When we have elderly living and dying in the streets, I think there'll
be a backlash - I don't think we like to see that sort of thing. OTOH
we could do what the Germans did with the Jews, create concentration
camps and put those folks out of sight/out of mind. Or we could develop
programs of euthanasia.

A decade ago I would've said the U.S. would never go there, that we
have an inherent commitment to mutual support, that we would always
take care of each other and see that as part of the mission of
government. I would also have said that the John Birch Society sort of
libertarians would never be taken seriously or take any sort of power
in the U.S. I was evidently naive.

Globally we have large and growing populations and shrinking
availability of resources. Academics who've done the math have told me
that the world could never support a broad global extension of the U.S.
middle class standard of living, but more and more are demanding it,
hence the strain on resources. Those who are already rich and powerful
may be less apt to tolerate middle class consumption of resources that
doesn't challenge their wealth, but as it's increasingly obvious that
there's not enough pie to go around, some at the table may be lunging
for the pie and running with it. 

Sooner or later, the rest of the folks at the table notice this - they
wake up and give chase. One possible future is that civil Occupy
demonstrations give way to movements that are angry and done with
civility. Hope we don't see that happen. Smart monarchs know to give
the people enough that they don't get totally pissed off and storm the
castle. 

That's one version, anyway. Between the lines there's an implication
of unlikely conspiracy, but sometimes I wonder.
  
inkwell.vue.430 : Bruce Sterling and Jon Lebkowsky: State of the World 2012
permalink #224 of 240: Ted Newcomb (tcn) Fri 20 Jan 12 08:12
    <scribbled by tcn Fri 20 Jan 12 08:12>
  
inkwell.vue.430 : Bruce Sterling and Jon Lebkowsky: State of the World 2012
permalink #225 of 240: Ted Newcomb (tcn) Fri 20 Jan 12 08:20
    
We're going to have to have an honest and open conversation about
health care and end of life, here in the U.S.
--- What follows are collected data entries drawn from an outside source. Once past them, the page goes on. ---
(* For the decoupled single-device problem with parameters $\varphi>0$, $p\in(0,1)$, let $\Gamma(c)$ be the optimal threshold for sampling cost $c\ge0$ and let the passive set be $\mathcal{Q}(c)=\{n\in\mathbb{Z}:0\le n<\Gamma(c)\}$. Then $\Gamma(c)$ is nondecreasing in $c$; equivalently, for all $0\le c_1<c_2$, $\mathcal{Q}(c_1)\subseteq\mathcal{Q}(c_2)$. That is, the decoupled problem is indexable (and hence so is the $M$-device flow-sampling problem, each of whose devices yields such a decoupled problem).
   Context: Decoupled single-device problem: a Markov decision process with state space $\{0,1,2,\dots\}$ (a counter $n$) and action set $\{0,1\}$ ($0$ = rest, $1$ = sample). Transitions: from state $n$ under action $1$ go to state $0$ with probability $1$; under action $0$ go to state $0$ with probability $p$ and to state $n+1$ with probability $1-p$. Immediate cost: $C(n,1)=c+\varphi n$ and $C(n,0)=\varphi n$, where $c\ge0$ is a fixed sampling cost. The objective is to minimize the long-run average cost. The average-cost optimal policy is a threshold policy: for each $c$ there is an integer $\Gamma(c)\ge0$ such that it is optimal to rest in states $n<\Gamma(c)$ and to sample in states $n\ge\Gamma(c)$. A problem is called indexable if the passive set (set of states where resting is optimal) is monotone nondecreasing in the sampling cost $c$. *)

theory Defs
  imports "HOL-Probability.Probability"
begin

text \<open>Decoupled single-device MDP. States: nat (the counter n). Actions: nat, where
  0 = rest and 1 = sample (admissible actions are 0 and 1).\<close>

definition trans :: "real \<Rightarrow> nat \<Rightarrow> nat \<Rightarrow> nat pmf" where
  "trans p a n = (if a = 1 then return_pmf 0
                  else map_pmf (\<lambda>b. if b then 0 else Suc n) (bernoulli_pmf p))"

definition cost :: "real \<Rightarrow> real \<Rightarrow> nat \<Rightarrow> nat \<Rightarrow> real" where
  "cost c \<phi> n a = (if a = 1 then c + \<phi> * real n else \<phi> * real n)"

primrec state_dist :: "real \<Rightarrow> (nat \<Rightarrow> nat) \<Rightarrow> nat \<Rightarrow> nat \<Rightarrow> nat pmf" where
  "state_dist p f s 0 = return_pmf s"
| "state_dist p f s (Suc t) = bind_pmf (state_dist p f s t) (\<lambda>n. trans p (f n) n)"

definition avg_cost :: "real \<Rightarrow> real \<Rightarrow> real \<Rightarrow> (nat \<Rightarrow> nat) \<Rightarrow> nat \<Rightarrow> ereal" where
  "avg_cost p \<phi> c f s =
     limsup (\<lambda>T. ereal ((\<Sum>t<T. measure_pmf.expectation (state_dist p f s t)
                                     (\<lambda>n. cost c \<phi> n (f n))) / real T))"

definition admissible :: "(nat \<Rightarrow> nat) \<Rightarrow> bool" where
  "admissible f \<longleftrightarrow> (\<forall>n. f n \<in> {0, 1})"

definition threshold_policy :: "nat \<Rightarrow> nat \<Rightarrow> nat" where
  "threshold_policy \<Gamma> n = (if n < \<Gamma> then 0 else 1)"

definition optimal_threshold :: "real \<Rightarrow> real \<Rightarrow> real \<Rightarrow> nat \<Rightarrow> bool" where
  "optimal_threshold p \<phi> c \<Gamma> \<longleftrightarrow>
     (\<forall>f s. admissible f \<longrightarrow> avg_cost p \<phi> c (threshold_policy \<Gamma>) s \<le> avg_cost p \<phi> c f s)"

definition passive_set :: "nat \<Rightarrow> nat set" where
  "passive_set \<Gamma> = {n. n < \<Gamma>}"

end

theory Submission imports Defs begin

text \<open>\<open>climb_time p n\<close> is the expected time for the counter to climb from 0 to \<open>n\<close> when
  every rest step resets it with probability \<open>p\<close>, and \<open>cycle_length p G\<close> adds the sampling
  step. Under the threshold policy with threshold \<open>G\<close> started at 0, the potential
  \<open>climb_time p (min n G)\<close> rises by exactly 1 in expectation at every resting step and falls
  by \<open>cycle_length p G\<close> at every sampling step. Telescoping shows that the long-run sampling
  frequency is \<open>1 / cycle_length p G\<close>, so the average cost is affine in \<open>c\<close> with that
  slope. Comparing the optimality inequalities for \<open>c1 < c2\<close> forces the slope at the larger
  cost to be smaller, i.e. the cycle length, which is strictly increasing in the threshold, to be
  larger.\<close>

lemma slope_le_of_optimal_comparison:
  fixes c1 c2 x1 x2 r1 r2 :: real
  assumes "c1 < c2" "c1 * x1 + r1 \<le> c1 * x2 + r2" "c2 * x2 + r2 \<le> c2 * x1 + r1"
  shows "x2 \<le> x1"
proof -
  have "(c2 - c1) * (x2 - x1) \<le> 0"
    using assms(2,3) by (simp add: algebra_simps)
  then show ?thesis using assms(1) by (simp add: mult_le_0_iff)
qed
Now that I've retired and am approaching my 65th birthday, this is my
year for Medicare and some semblance of health insurance. Choosing
Parts C and D are my big decisions for the year and the choices aren't
all that great.

I'm not sure I've ever "pulled my own weight". But, clearly, I'm
becoming a burden. I've seen all kinds of facts and figures...National
Health Care estimates as high as $2.5
trillion.(https://www.cms.gov/NationalHealthExpendData/25_NHE_Fact_sheet.asp)

And a great proportion of that total is spent on "end of life",
prolonging or postponing the inevitable at questionable qualities of
life that even doctors who prescribe all this would not follow
themselves. (See "How doctors die?"
http://zocalopublicsquare.org/thepublicsquare/2011/11/30/how-doctors-die/read/
n
exus/)

It's all bizarre, yet part of my reality.  And at the same time I'm
feeling very entrepreneurial. Fortunately I have my wits and health,
at the moment, and a general sense that I still have another 20 years
or so of productivity. So, while I may not be able to do any heavy
lifting, I'm hoping to carry some of the load. And I think there are
going to be a lot of us "boomers" doing the same. We may actually turn
out to be the spark that lights up some of this dreary scenario.